上から見たところ。本に掲載できなかった写真です。

トンボをどのようにわける?
トンボと一口に言っても、種類はいっぱいいます。私たちは気づいていなくても、身近なところにも、たくさんの種類がいます。それをどのようにして子どもたちに紹介するか。トンボの分類に従えば、整理されたページをつくることができます。
でも、それは調べにくいし、他の本でも行われていることです。
そこで、著者の尾園さんに「直感的にわかる区分けってだめですか?」とお聞きしたら、「やってみましょう」とおっしゃって、色別、特徴別のトンボのリストをつくってくださいました。今回のページ構成はそれをもとにしています。

42-43*

赤いトンボのページ。赤くならないアカトンボのなかまなど、別に掲載しました。

50-51*

絶滅危惧種、天然記念物などを掲載したページ。小笠原諸島は、尾園さんが継続して取材しているところです。

大変だったヤゴの写真
今回の本のなかで私が好きなページです。

58-59*

ヤゴについてのくわしい本って案外少ないのです。

右ページのヤゴの泳ぎ方のページは画期的! こんな情報を見たことはありませんでしたし、そのヤゴたちのかわいさに脱帽!でした。
でも、このヤゴ、ずっと観察していたシオカラトンボのヤゴが死んでしまい、尾園さんはネキトンボで撮り直してくださるなど、さいごのさいごにいただいた写真でした。
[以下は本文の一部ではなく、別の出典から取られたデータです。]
lemma sum_tau_powi_evalA_eq_beta:
  assumes P: "in_Pl l A" and h: "h \<in> {-int l..int l}" and w: "\<omega> \<noteq> 0"
  shows "(\<Sum>n\<in>{-int l..int l}. tau l h n * \<omega> powi n * evalA l A \<omega> n)
       = (\<Sum>k\<in>{-(2*int l)..2*int l}. beta l A h k * \<omega> powi k)"
proof -
  let ?I = "{-int l..int l}" and ?J = "{-(int l - 1)..int l - 1}" and ?K = "{-(2*int l)..2*int l}"
  have "(\<Sum>k\<in>?K. beta l A h k * \<omega> powi k) = (\<Sum>k\<in>?K. \<Sum>n\<in>?I. tau l h n * (A n (k - n) * \<omega> powi k))"
    by (simp add: beta_eq_sum[OF h] sum_distrib_right sum_distrib_left mult_ac)
  also have "\<dots> = (\<Sum>n\<in>?I. tau l h n * (\<Sum>k\<in>?K. A n (k - n) * \<omega> powi k))"
    by (subst sum.swap) (simp add: sum_distrib_left)
  also have "\<dots> = (\<Sum>n\<in>?I. tau l h n * (\<Sum>j\<in>?J. A n j * \<omega> powi (j + n)))"
  proof (rule sum.cong[OF refl])
    fix n assume n: "n \<in> ?I"
    have "(\<Sum>k\<in>?K. A n (k - n) * \<omega> powi k) = (\<Sum>j\<in>?J. A n (j + n - n) * \<omega> powi (j + n))"
      by (rule sum_shift_to_support[OF n]) (use P in \<open>auto simp: in_Pl_def\<close>)
    then show "tau l h n * (\<Sum>k\<in>?K. A n (k - n) * \<omega> powi k) = tau l h n * (\<Sum>j\<in>?J. A n j * \<omega> powi (j + n))"
      by simp
  qed
  also have "\<dots> = (\<Sum>n\<in>?I. tau l h n * \<omega> powi n * evalA l A \<omega> n)"
    unfolding evalA_def using w by (simp add: power_int_add sum_distrib_left mult_ac)
  finally show ?thesis by simp
qed

lemma sum_split_even_odd:
  "(\<Sum>k\<in>{-(2*int l)..2*int l}. f k) = (\<Sum>j\<in>{-int l..int l}. f (2*j)) + (\<Sum>j\<in>{-int l..int l - 1}. f (2*j+1))"
proof -
  let ?E = "(\<lambda>j. 2*j) ` {-int l..int l}" and ?O = "(\<lambda>j. 2*j+1) ` {-int l..int l - 1}"
  have "{-(2*int l)..2*int l} = ?E \<union> ?O"
  proof (intro subset_antisym subsetI)
    fix k assume k: "k \<in> {-(2*int l)..2*int l}"
    show "k \<in> ?E \<union> ?O"
    proof (cases "even k")
      case True
      then have "k = 2 * (k div 2)" and "k div 2 \<in> {-int l..int l}" using k by auto
      then show ?thesis by blast
    next
      case False
      then have "k = 2 * (k div 2) + 1" and "k div 2 \<in> {-int l..int l - 1}"
        using k by (auto, presburger+)
      then show ?thesis by blast
    qed
  qed auto
  moreover have "?E \<inter> ?O = {}" by auto presburger
  ultimately have "(\<Sum>k\<in>{-(2*int l)..2*int l}. f k) = (\<Sum>k\<in>?E. f k) + (\<Sum>k\<in>?O. f k)"
    by (simp add: sum.union_disjoint)
  also have "\<dots> = (\<Sum>j\<in>{-int l..int l}. f (2*j)) + (\<Sum>j\<in>{-int l..int l - 1}. f (2*j+1))"
    by (simp add: sum.reindex inj_on_def)
  finally show ?thesis .
qed

lemma evalA_eq_sum_wide:
  assumes "in_Pl l A"
  shows "evalA l A \<omega> h = (\<Sum>j\<in>{-int l..int l}. A h j * \<omega> powi j)"
  unfolding evalA_def
  by (rule sum.mono_neutral_left) (use assms in \<open>auto simp: in_Pl_def\<close>)

lemma beta_norm2_eq:
  assumes P: "in_Pl l A"
  shows "(\<Sum>h\<in>{-int l..int l}. \<Sum>k\<in>{-(2*int l)..2*int l}. (cmod (beta l A h k))^2)
       = (\<Sum>n\<in>{-int l..int l}. \<Sum>j\<in>{-(int l - 1)..int l - 1}. (cmod (A n j))^2)"
proof -
  let ?I = "{-int l..int l}" and ?J = "{-(int l - 1)..int l - 1}" and ?K = "{-(2*int l)..2*int l}"
  have "(\<Sum>h\<in>?I. \<Sum>k\<in>?K. (cmod (beta l A h k))^2)
      = (\<Sum>k\<in>?K. \<Sum>h\<in>?I. (cmod (\<Sum>n\<in>?I. tau l h n * A n (k - n)))^2)"
    by (subst sum.swap) (simp add: beta_eq_sum)
  also have "\<dots> = (\<Sum>n\<in>?I. \<Sum>k\<in>?K. (cmod (A n (k - n)))^2)"
    by (subst sum.swap) (simp add: tau_isometry)
  also have "\<dots> = (\<Sum>n\<in>?I. \<Sum>j\<in>?J. (cmod (A n j))^2)"
  proof (rule sum.cong[OF refl])
    fix n assume n: "n \<in> ?I"
    have "(\<Sum>k\<in>?K. (cmod (A n (k - n)))^2) = (\<Sum>j\<in>?J. (cmod (A n (j + n - n)))^2)"
      by (rule sum_shift_to_support[OF n]) (use P in \<open>auto simp: in_Pl_def\<close>)
    then show "(\<Sum>k\<in>?K. (cmod (A n (k - n)))^2) = (\<Sum>j\<in>?J. (cmod (A n j))^2)" by simp
  qed
  finally show ?thesis .
qed

section \<open>Solutions of the refinement equation vanish\<close>

text \<open>The coefficientwise form of \<open>T\<^sup>\<ell>(\<omega>)A(\<omega>) = c A(\<omega>\<^sup>2)\<close>.\<close>

definition solves_refinement :: "nat \<Rightarrow> complex \<Rightarrow> (int \<Rightarrow> int \<Rightarrow> complex) \<Rightarrow> bool" where
  "solves_refinement l c A \<longleftrightarrow> in_Pl l A
     \<and> (\<forall>h\<in>{-int l..int l}. \<forall>k. odd k \<longrightarrow> beta l A h k = 0)
     \<and> (\<forall>h\<in>{-int l..int l}. \<forall>j. beta l A h (2*j) = c * A h j)"

context
  fixes l :: nat and c :: complex and A :: "int \<Rightarrow> int \<Rightarrow> complex"
  assumes sol: "solves_refinement l c A"
begin

private lemma solution_in_Pl: "in_Pl l A"
  and solution_beta_odd: "h \<in> {-int l..int l} \<Longrightarrow> odd k \<Longrightarrow> beta l A h k = 0"
  and solution_beta_even: "h \<in> {-int l..int l} \<Longrightarrow> beta l A h (2*j) = c * A h j"
  using sol unfolding solves_refinement_def by auto

lemma solution_parity:
  assumes nz: "A n j \<noteq> 0"
  shows "even (n + j)"
proof (rule ccontr)
  assume odd: "odd (n + j)"
  have "A n ((n + j) - n) = 0"
  proof (rule tau_injective[where v="\<lambda>n'. A n' ((n + j) - n')"])
    fix h assume "h \<in> {-int l..int l}"
    then show "(\<Sum>n'\<in>{-int l..int l}. tau l h n' * A n' ((n + j) - n')) = 0"
      using solution_beta_odd[OF _ odd] by (simp add: beta_eq_sum)
  qed (use in_Pl_nonzero_range[OF solution_in_Pl nz] in simp)
  with nz show False by simp
qed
子どもたちにはこのヤゴの面白さを知ってもらいたいな、と思っています。

悩んだ表紙
表紙は悩みました。オニヤンマはかっこいいトンボですが、飛んでいる写真はバックが少し暗く、表紙にするより中面で大きく見せたいと思いました。
そこで、止まっている写真を表紙にしてみたら、横顔がくっきりとしてかっこいい!
なんといっても、オニヤンマの緑色の眼は迫力があります。
裏表紙には、空を感じる写真とかわいいトンボの写真。
どれも著者のトンボへの愛情を感じる写真です。

トンボジャケット

本にする前の校正です。

くわしくて使いやすい本を
今回、トンボのことがくわしくわかり、使いやすい本をめざしました。
そういう意味では既刊と少しちがうつくりです。
子どもの本だけでなく、大人の本まで含めてもかなりくわしいトンボの本になったと思います。と同時に、くわしくてわかりやすい本をつくることの難しさも痛感しました。
そして、小学校高学年が求める本とは何か、についても考えさせられました。
本の役割は知識の移動、そして感動の共有です。
できるだけ多くの人にトンボのかっこよさ、美しさ、面白さを知ってほしいと思います。